Fed em Sintra e o jogo dos juros americanos
Macro Global
O presidente do Federal Reserve, Warsh, participou de painel do BCE em Sintra, mantendo mercados atentos a qualquer sinal sobre o ritmo de juros. Novos dados de emprego nos EUA levaram as bolsas a recuar. Juro americano mais alto por mais tempo pressiona o dólar e limita espaço para afrouxamento da Selic no Brasil.
Dividendos, política e inflação no radar
Giro Brasil
Brasil: 17 empresas pagam dividendos em julho (Allos, Equatorial e Alupar no topo). Política: recesso do STF desloca discussão sobre pena de Bolsonaro para a reta eleitoral; Flávio Bolsonaro busca apoio do eleitorado feminino. Inflação persistente mantém o BC cauteloso quanto à meta e ao teto.
BTG, Meta e tensão em Ormuz
Giro Exterior
Exterior: BTG colidera aporte de US$ 85 milhões na fintech colombiana Addi. Meta estuda vender poder computacional de IA em nuvem, entrando no campo de AWS, Azure e Google Cloud. No Golfo, Ghalibaf reafirma que a gratuidade de passagem por Ormuz vale 60 dias e que o Irã não abrirá mão de seus direitos, mantendo o petróleo como variável de risco.
Snapshot do dia
Dólar acima de R$ 5,20 | Ibovespa queda de mais de 1% | Ibovespa semestre +6,76% Dólar acima de R$ 5,20 e Ibovespa em queda de mais de 1% no primeiro pregão do semestre (01/07). Depois de um semestre que terminou em recorde (+6,76%), bastou uma manchete de sanção internacional para virar o humor.

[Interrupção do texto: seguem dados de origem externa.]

theory Submission
  imports Defs "HOL-Analysis.Complex_Transcendental"
begin

text \<open>On its first \<ell> = min n m points f equals c \<chi>_\<alpha>, so the coefficient of g at \<beta> is c/m times
  the geometric sum D = \<Sum>_{k<\<ell>} exp(i k \<theta>) with \<theta> = 2\<pi>(m\<alpha>/n - \<beta>)/m, and
  |D| |sin(\<theta>/2)| = |sin(\<ell>\<theta>/2)|. Shifting \<theta>/2 by a multiple of \<pi> to some t with
  |t| = \<pi> |m\<alpha>/n - \<beta>|_m / m \<le> \<pi>/2, the upper bound comes from |sin(\<ell>t)| \<le> 1 and Jordan's
  inequality sin |t| \<ge> 2|t|/\<pi>. When \<ell>|t| \<le> \<pi>/2, which holds for the rounded frequency,
  |sin t| \<le> |t| gives |D| \<ge> \<ell> sin y / y with y = \<ell>|t|, and sin y / y is at least 2/\<pi> by Jordan's
  inequality and at least sqrt(1 - y^2/3) by the fifth-order Taylor bound for sin.\<close>

lemma sin_ge_taylor5: "y - y^3/6 - \<bar>y\<bar>^5/120 \<le> sin (y::real)"
proof -
  have "(\<Sum>k<5. sin_coeff k * y ^ k) = y - y^3/6"
    by (simp add: lessThan_nat_numeral sin_coeff_def fact_numeral)
  moreover have "\<bar>sin y - (\<Sum>k<5. sin_coeff k * y ^ k)\<bar> \<le> inverse (fact 5) * \<bar>y\<bar> ^ 5"
    by (rule Maclaurin_sin_bound)
  ultimately have "\<bar>sin y - (y - y^3/6)\<bar> \<le> \<bar>y\<bar>^5/120"
    by (simp add: fact_numeral)
  then show ?thesis
    by linarith
qed

lemma cos_ge_one_minus_square_half:
  assumes "0 \<le> x" "x \<le> 2*pi"
  shows "1 - x^2/2 \<le> cos (x::real)"
proof -
  have "sin (x/2) \<le> x/2" "0 \<le> sin (x/2)"
    using assms sin_x_le_x[of "x/2"] by (auto intro: sin_ge_zero)
  then have "(sin (x/2))^2 \<le> (x/2)^2"
    by (simp add: power_mono)
  then show ?thesis
    using cos_double_sin[of "x/2"] by (simp add: power_divide)
qed
(* Let $X=A_1\oplus\cdots\oplus A_c=(V,E)$ be an additive product graph, let $p\ge 1$, and let $(\boldsymbol{\gamma},\boldsymbol{\beta})$ be any depth-$p$ ma-QAOA parameters with one angle $\gamma_{j,C}$ per layer $j\in[p]$ and edge category $C\in[c]$ and one angle $\beta_j$ per layer. Fix $C\in[c]$ and an edge $\{u,v\}$ of $\underline{A}_C$. Then the value $\langle\boldsymbol{\gamma},\boldsymbol{\beta}|Z_xZ_y|\boldsymbol{\gamma},\boldsymbol{\beta}\rangle$ is the same for every edge $\{x,y\}$ of $X$ of type $(C,\{u,v\})$, i.e. for all edges of the forms $\{v_1,v_1Cv\}$ (when $u=v_1$), $\{sCu,sCv\}$ (for any admissible string $s$), and $\{sC'w\,,\,sC'wCv\}$-type edges $\{s C' u, sC'uCv\}$ (for any admissible string $s$ and any $C'\neq C$). Consequently each edge $\{u,v\}$ of each $\underline{A}_C$ determines a single value, denoted $-\mathbb{E}[\underline{A}_C(u,v)]$ (so that $\mathbb{E}[\underline{A}_C(u,v)]=-\langle Z_xZ_y\rangle$ for any edge $\{x,y\}$ of type $(C,\{u,v\})$), and all such edges have isomorphic radius-$p$ neighborhoods in $X$ (isomorphic as category-labelled graphs).
   Context: Additive product graph. Let $n,c\ge1$ and let $A_1,\dots,A_c$ be graphs ("plain atoms") on the common vertex set $[n]=\{1,\dots,n\}$. Let $\underline{A}_j$ denote $A_j$ with its isolated vertices removed; assume each $\underline{A}_j$ is nonempty and connected and that the union graph $([n],E(A_1)\cup\cdots\cup E(A_c))$ is connected. Fix $v_1\in[n]$. The additive product graph $X=A_1\oplus\cdots\oplus A_c=(V,E)$ has as vertex set $V$ the set of strings $v_1C_1v_2C_2\cdots v_kC_kv_{k+1}$ ($k\ge0$) with each $v_i\in[n]$, each $C_i\in[c]$, $C_i\neq C_{i+1}$ for $i<k$, and $v_i,v_{i+1}$ both vertices of $\underline{A}_{C_i}$ for all $i\le k$. Its edge set $E$ consists of (all strings involved being required to lie in $V$, $s$ denoting a prefix string): (i) $\{sCu,sCv\}$ whenever $\{u,v\}$ is an edge of $\underline{A}_C$; (ii) $\{sC'u,\,sC'uCv\}$ whenever $\{u,v\}$ is an edge of $\underline{A}_{C}$ (with $C\ne C'$); (iii) $\{v_1,v_1Cv\}$ whenever $\{v_1,v\}$ is an edge of $\underline{A}_C$. An edge of $X$ produced in (i), (ii) or (iii) from the edge $\{u,v\}$ of $\underline{A}_C$ (with $u=v_1$ in (iii)) is said to be of type $(C,\{u,v\})$ and of category $C$. ma-QAOA on $X$. Parameters: $\gamma_{j,C}\in[0,2\pi]$ for $j\in[p]$, $C\in[c]$, and $\beta_j\in[0,2\pi]$ for $j\in[p]$. For a finite graph $H$ whose edges carry categories $c(e)\in[c]$, the ma-QAOA state is $|\boldsymbol{\gamma},\boldsymbol{\beta}\rangle=e^{-i\beta_pB}e^{-iC_{p}}\cdots e^{-i\beta_1B}e^{-iC_{1}}|+\rangle^{\otimes V(H)}$, where $B=\sum_{v}X_v$ and $C_j=-\sum_{\{u,v\}\in E(H)}\gamma_{j,c(\{u,v\})}Z_uZ_v$ ($X_v,Z_v$ Pauli operators on qubit $v$). For an edge $\{x,y\}$ of the infinite graph $X$, $\langle\boldsymbol{\gamma},\boldsymbol{\beta}|Z_xZ_y|\boldsymbol{\gamma},\boldsymbol{\beta}\rangle$ is defined as this expectation computed on the finite subgraph of $X$ induced by the vertices at graph distance at most $p$ from $\{x,y\}$ (with inherited categories). Standard QAOA is the special case $\gamma_{j,1}=\cdots=\gamma_{j,c}$ for all $j$. *)

theory Defs
  imports Complex_Main
begin

definition edge_rel :: "nat set set \<Rightarrow> (nat \<times> nat) set" where
  "edge_rel E = {(a, b). {a, b} \<in> E}"

text \<open>A j is the edge set of the plain atom A_j on [n] = {1..n}; its underlying graph
  (isolated vertices removed) has vertex set the union of the edges of A j.\<close>
definition atoms_ok :: "nat \<Rightarrow> nat \<Rightarrow> (nat \<Rightarrow> nat set set) \<Rightarrow> bool" where
  "atoms_ok n c A \<longleftrightarrow> n \<ge> 1 \<and> c \<ge> 1 \<and>
     (\<forall>j\<in>{1..c}.
        A j \<subseteq> {e. \<exists>a b. e = {a, b} \<and> a \<noteq> b \<and> a \<in> {1..n} \<and> b \<in> {1..n}} \<and>
        A j \<noteq> {} \<and>
        (\<forall>a\<in>\<Union>(A j). \<forall>b\<in>\<Union>(A j). (a, b) \<in> (edge_rel (A j))\<^sup>*)) \<and>
     (\<forall>a\<in>{1..n}. \<forall>b\<in>{1..n}. (a, b) \<in> (edge_rel (\<Union>j\<in>{1..c}. A j))\<^sup>*)"

text \<open>A vertex v_1 C_1 v_2 ... C_k v_(k+1) (with v_1 = r the fixed root) is represented by the
  list [(C_1,v_2), ..., (C_k,v_(k+1))].  The empty list is the root string v_1.\<close>
fun valid_from :: "(nat \<Rightarrow> nat set set) \<Rightarrow> nat \<Rightarrow> nat \<Rightarrow> nat option \<Rightarrow> (nat \<times> nat) list \<Rightarrow> bool" where
  "valid_from A c v prevC [] = True"
| "valid_from A c v prevC ((C, w) # ps) =
     (C \<in> {1..c} \<and> prevC \<noteq> Some C \<and> v \<in> \<Union>(A C) \<and> w \<in> \<Union>(A C) \<and> v \<noteq> w \<and>
      valid_from A c w (Some C) ps)"
lemma convex_on_compose_mono:
  fixes d :: "'a::real_vector \<Rightarrow> real" and \<phi> :: "real \<Rightarrow> real"
  assumes "convex_on UNIV d" "\<And>v. 0 \<le> d v" "convex_on {0..} \<phi>" "mono_on {0..} \<phi>"
  shows "convex_on UNIV (\<lambda>v. \<phi> (d v))"
proof (rule convex_onI)
  fix t :: real and x y :: 'a
  assume t: "0 < t" "t < 1"
  have "d ((1 - t) *\<^sub>R x + t *\<^sub>R y) \<le> (1 - t) * d x + t * d y"
    using convex_onD[OF assms(1)] t by auto
  then have "\<phi> (d ((1 - t) *\<^sub>R x + t *\<^sub>R y)) \<le> \<phi> ((1 - t) * d x + t * d y)"
    using assms(2,4) t by (intro mono_onD[OF assms(4)]) auto
  also have "\<dots> \<le> (1 - t) * \<phi> (d x) + t * \<phi> (d y)"
    using convex_onD[OF assms(3), of t "d x" "d y"] t assms(2) by simp
  finally show "\<phi> (d ((1 - t) *\<^sub>R x + t *\<^sub>R y)) \<le> (1 - t) * \<phi> (d x) + t * \<phi> (d y)" .
qed simp

lemma convex_on_dUT: "convex_on UNIV (\<lambda>v. dUT p q h0 z (fst v) (snd v))"
proof (rule convex_onI)
  define f where "f v = ((fst v - p, snd v - q), z - h0)" for v :: "real \<times> real"
  have dUT_eq: "dUT p q h0 z (fst v) (snd v) = norm (f v)" for v
    by (simp add: f_def dUT_def norm_Pair)
  fix t :: real and x y :: "real \<times> real"
  assume "0 < t" "t < 1"
  have "f ((1 - t) *\<^sub>R x + t *\<^sub>R y) = (1 - t) *\<^sub>R f x + t *\<^sub>R f y"
    by (simp add: f_def algebra_simps)
  then have "norm (f ((1 - t) *\<^sub>R x + t *\<^sub>R y)) \<le> (1 - t) * norm (f x) + t * norm (f y)"
    using norm_triangle_ineq[of "(1 - t) *\<^sub>R f x" "t *\<^sub>R f y"] \<open>0 < t\<close> \<open>t < 1\<close> by simp
  then show "dUT p q h0 z (fst ((1 - t) *\<^sub>R x + t *\<^sub>R y)) (snd ((1 - t) *\<^sub>R x + t *\<^sub>R y))
      \<le> (1 - t) * dUT p q h0 z (fst x) (snd x) + t * dUT p q h0 z (fst y) (snd y)"
    unfolding dUT_eq .
qed simp
lemma walk_leaving_side_passes:
  assumes p: "walk E p a b" and a: "a \<in> side E w z" and b: "b \<notin> side E w z"
  shows "z \<in> set p"
proof -
  obtain i where i: "Suc i < length p" "p ! i \<in> side E w z" "p ! Suc i \<notin> side E w z"
    using list_exits_set[of p "side E w z"] p a b unfolding walk_def by auto
  have "(p ! i, p ! Suc i) \<in> E" using p i unfolding walk_def by auto
  then have "(p ! i, p ! Suc i) \<in> {(w, z), (z, w)}" using side_step[OF i(2)] i(3) by blast
  moreover have "p ! Suc i \<noteq> w" using i(3) side_refl by metis
  ultimately have "p ! Suc i = z" by auto
  then show ?thesis using i(1) by (metis nth_mem)
qed

text \<open>In a tree, removing the edge (u,w) disconnects u from w: otherwise a
  distinct walk from w to u avoiding the edge closes a cycle with it.\<close>
lemma tree_edge_separates:
  assumes T: "simplicial_tree V E" and uw: "(u, w) \<in> E"
  shows "u \<notin> side E w u"
proof
  assume "u \<in> side E w u"
  then have "(w, u) \<in> (E - {(w, u), (u, w)})\<^sup>*" unfolding side_def by simp
  from walk_distinct_of_rtrancl[OF this]
  obtain p where p: "walk (E - {(w, u), (u, w)}) p w u" "distinct p" by blast
  have "u \<noteq> w" using T uw unfolding simplicial_tree_def by blast
  have walk: "walk E p w u" using p(1) unfolding walk_def by blast
  have "length p \<noteq> 1"
  proof
    assume "length p = 1"
    then obtain x where "p = [x]" by (auto simp: length_Suc_conv)
    then show False using p(1) \<open>u \<noteq> w\<close> by (auto simp: walk_def)
  qed
  moreover have "length p \<noteq> 2"
  proof
    assume "length p = 2"
    then obtain x y where xy: "p = [x, y]" by (auto simp: length_Suc_conv numeral_2_eq_2)
    then have "(x, y) \<in> E - {(w, u), (u, w)}" using p(1) unfolding walk_def
      by (metis One_nat_def length_Cons lessI list.size(3) nth_Cons_0 nth_Cons_Suc)
    moreover have "x = w" "y = u" using p(1) xy by (auto simp: walk_def)
    ultimately show False by simp
  qed
  moreover have "length p \<noteq> 0" using p(1) by (simp add: walk_def)
  ultimately have "3 \<le> length p" by linarith
  then have "is_cycle E p" unfolding is_cycle_def using p(2) walk uw
    by (simp add: walk_def)
  then show False using T unfolding simplicial_tree_def by blast
qed

lemma tree_sides_disjoint:
  assumes T: "simplicial_tree V E" and zw: "(z, w) \<in> E"
  shows "side E z w \<inter> side E w z = {}"
proof (rule ccontr)
  let ?R = "E - {(w, z), (z, w)}"
  assume "side E z w \<inter> side E w z \<noteq> {}"
  then obtain x where zx: "(z, x) \<in> ?R\<^sup>*" and wx: "(w, x) \<in> ?R\<^sup>*"
    unfolding side_def by (auto simp: insert_commute)
  have "sym ?R" using T unfolding simplicial_tree_def sym_def by blast
  then have "(x, z) \<in> ?R\<^sup>*" using zx sym_rtrancl symD by metis
  with wx have "(w, z) \<in> ?R\<^sup>*" by (rule rtrancl_trans)
  then have "z \<in> side E w z" unfolding side_def by simp
  then show False using tree_edge_separates[OF T zw] by blast
qed

lemma tree_side_strict_subset:
  assumes T: "simplicial_tree V E" and uv: "(u, v) \<in> E" and uw: "(u, w) \<in> E"
    and "w \<noteq> v"
  shows "side E w u \<subset> side E u v"
proof -
  have u_far: "u \<notin> side E w u" using tree_edge_separates[OF T uw] .
  have "u \<noteq> w" using T uw unfolding simplicial_tree_def by blast
  have "x \<in> side E u v" if "x \<in> side E w u" for x
  proof -
    have "(w, x) \<in> (E - {(w, u), (u, w)})\<^sup>*" using that unfolding side_def by simp
    then show ?thesis
    proof (induction rule: rtrancl_induct)
      case base
      show ?case using side_step[OF side_refl uw] \<open>w \<noteq> v\<close> \<open>u \<noteq> w\<close> by auto
    next
      case (step y x)
      have "y \<in> side E w u" "x \<in> side E w u" using step(1,2) unfolding side_def
        by (auto intro: rtrancl_into_rtrancl)
      then have "y \<noteq> u" "x \<noteq> u" using u_far by auto
      then show ?case using side_step[OF step(3)] step(2) by auto
    qed
  qed
  then show ?thesis using u_far side_refl[of u E v] by blast
qed
(* Unlike content_simplex, this needs no distinctness of the vertices. *)
lemma measure_convex_hull_tetrahedron:
  fixes A B C D :: "real^3"
  shows "measure lborel (convex hull {A, B, C, D}) = \<bar>((B - A) \<times> (C - A)) \<bullet> (D - A)\<bar> / 6"
proof -
  define M :: "real^3^3" where "M = (\<chi> i j. (if j = 1 then B else if j = 2 then C else D) $ i - A $ i)"
  define g where "g = (\<lambda>x. M *v x)"
  define std where "std = (convex hull insert 0 Basis :: (real^3) set)"
  have [simp]: "M *v axis i 1 = (if i = 1 then B - A else if i = 2 then C - A else D - A)" for i
    by (auto simp: M_def matrix_vector_mult_basis column_def vec_eq_iff)
  have std: "compact std"
    unfolding std_def by (intro finite_imp_compact_convex_hull) auto
  have basis: "Basis = {axis 1 1, axis 2 1, axis 3 1 :: real^3}"
    by (auto simp: Basis_vec_def Basis_real_def UNIV_3)
  have "(+) (- A) ` {A, B, C, D} = {0, B - A, C - A, D - A}"
    by auto
  then have "measure lebesgue (convex hull {A, B, C, D}) = measure lebesgue (convex hull {0, B - A, C - A, D - A})"
    by (metis measure_translation convex_hull_translation)
  also have "{0, B - A, C - A, D - A} = g ` insert 0 Basis"
    unfolding basis by (simp add: g_def)
  also have "convex hull (g ` insert 0 Basis) = g ` std"
    unfolding std_def by (rule convex_hull_linear_image[symmetric]) (simp add: g_def)
  also have "measure lebesgue (g ` std) = \<bar>det M\<bar> * measure lebesgue std"
    using std by (subst measure_lebesgue_linear_transformation)
      (auto intro: finite_imp_bounded_convex_hull dest: compact_imp_closed simp: g_def std_def)
  also have "measure lebesgue std = 1 / 6"
    using std by (simp add: measure_lebesgue_compact std_def content_std_simplex fact_numeral)
  also have "det M = ((B - A) \<times> (C - A)) \<bullet> (D - A)"
    by (simp add: det_3 M_def cross3_def inner_vec_def sum_3 algebra_simps)
  finally show ?thesis
    by (simp add: measure_lebesgue_compact finite_imp_compact_convex_hull)
qed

É o lembrete de que, num ano eleitoral e com juro americano no radar, o Brasil precifica risco na velocidade de um comunicado do Tesouro dos EUA. Recorde no retrovisor, cautela no para-brisa.
Giro pelo mercado
Brasil
- DIVIDENDOS: 17 empresas remuneram acionistas em julho; Allos, Equatorial e Alupar são destaques entre shoppings e energia.
- POLITICA: Recesso do STF desloca discussão sobre pena de Bolsonaro para a reta decisiva da eleição; Flávio Bolsonaro busca ampliar apoio entre eleitoras.
- INFLACAO: Debate sobre meta de inflação e teto real segue vivo; persistência inflacionária mantém o BC com postura cautelosa.
Exterior
- BTG: BTG colidera aporte de US$ 85 milhões na fintech colombiana Addi, reforçando apetite por crédito digital na América Latina.
- META: Meta estuda vender poder computacional de IA em nuvem, movimento que a aproxima do território de AWS, Azure e Google Cloud.
- IRÃ: Ghalibaf afirma que gratuidade de passagem por Ormuz vale 60 dias e que o Irã não abrirá mão de seus direitos, mantendo risco geopolítico sobre o petróleo.